• [Problem statement]: Pull each line containing "where" from the data.

=== Data for analysis ===

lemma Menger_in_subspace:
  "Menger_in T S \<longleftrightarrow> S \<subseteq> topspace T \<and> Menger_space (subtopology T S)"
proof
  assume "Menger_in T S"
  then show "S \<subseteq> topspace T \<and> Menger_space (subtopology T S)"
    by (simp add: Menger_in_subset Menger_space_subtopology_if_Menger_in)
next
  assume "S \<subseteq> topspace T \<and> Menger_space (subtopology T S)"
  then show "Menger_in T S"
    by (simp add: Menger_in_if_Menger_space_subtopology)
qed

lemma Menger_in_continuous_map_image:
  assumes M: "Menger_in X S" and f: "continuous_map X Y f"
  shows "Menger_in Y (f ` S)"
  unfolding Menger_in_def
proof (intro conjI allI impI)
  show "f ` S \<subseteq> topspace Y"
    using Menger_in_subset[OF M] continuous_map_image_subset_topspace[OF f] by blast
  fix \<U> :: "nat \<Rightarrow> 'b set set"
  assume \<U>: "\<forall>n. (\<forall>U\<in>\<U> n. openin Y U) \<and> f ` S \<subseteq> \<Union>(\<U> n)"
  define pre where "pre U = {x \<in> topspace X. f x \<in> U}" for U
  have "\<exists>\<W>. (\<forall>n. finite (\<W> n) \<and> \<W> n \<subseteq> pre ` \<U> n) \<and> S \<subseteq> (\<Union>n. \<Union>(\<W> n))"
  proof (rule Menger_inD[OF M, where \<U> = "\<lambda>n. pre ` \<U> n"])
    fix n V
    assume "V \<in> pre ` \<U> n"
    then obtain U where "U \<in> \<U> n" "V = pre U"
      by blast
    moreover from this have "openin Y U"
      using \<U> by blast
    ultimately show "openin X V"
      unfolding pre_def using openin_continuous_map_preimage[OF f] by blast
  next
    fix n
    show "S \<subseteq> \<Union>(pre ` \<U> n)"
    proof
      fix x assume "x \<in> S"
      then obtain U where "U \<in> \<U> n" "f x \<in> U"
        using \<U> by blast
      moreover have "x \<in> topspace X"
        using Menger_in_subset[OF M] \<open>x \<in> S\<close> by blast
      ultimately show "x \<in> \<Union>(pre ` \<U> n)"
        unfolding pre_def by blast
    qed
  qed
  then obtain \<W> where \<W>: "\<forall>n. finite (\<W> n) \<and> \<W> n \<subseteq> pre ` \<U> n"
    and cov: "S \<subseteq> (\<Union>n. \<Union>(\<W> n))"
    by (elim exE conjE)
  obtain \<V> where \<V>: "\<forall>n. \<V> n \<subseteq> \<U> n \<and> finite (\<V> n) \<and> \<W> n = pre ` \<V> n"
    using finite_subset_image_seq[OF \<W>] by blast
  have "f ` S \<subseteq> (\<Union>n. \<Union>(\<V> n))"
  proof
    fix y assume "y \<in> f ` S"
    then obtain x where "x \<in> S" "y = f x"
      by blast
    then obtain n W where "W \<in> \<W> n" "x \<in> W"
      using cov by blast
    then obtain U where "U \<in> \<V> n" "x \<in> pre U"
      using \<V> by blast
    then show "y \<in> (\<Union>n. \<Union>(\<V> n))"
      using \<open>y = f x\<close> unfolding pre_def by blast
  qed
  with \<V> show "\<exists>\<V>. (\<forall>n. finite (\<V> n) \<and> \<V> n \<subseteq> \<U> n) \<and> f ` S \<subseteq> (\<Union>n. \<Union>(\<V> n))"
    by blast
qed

===

• [Your response]:
  define pre where "pre U = {x \<in> topspace X. f x \<in> U}" for U
  proof (rule Menger_inD[OF M, where \<U> = "\<lambda>n. pre ` \<U> n"])
    then obtain U where "U \<in> \<U> n" "V = pre U"
      then obtain U where "U \<in> \<U> n" "f x \<in> U"
  then obtain \<W> where \<W>: "\<forall>n. finite (\<W> n) \<and> \<W> n \<subseteq> pre ` \<U> n"
  obtain \<V> where \<V>: "\<forall>n. \<V> n \<subseteq> \<U> n \<and> finite (\<V> n) \<and> \<W> n = pre ` \<V> n"
    then obtain x where "x \<in> S" "y = f x"
    then obtain n W where "W \<in> \<W> n" "x \<in> W"
    then obtain U where "U \<in> \<V> n" "x \<in> pre U"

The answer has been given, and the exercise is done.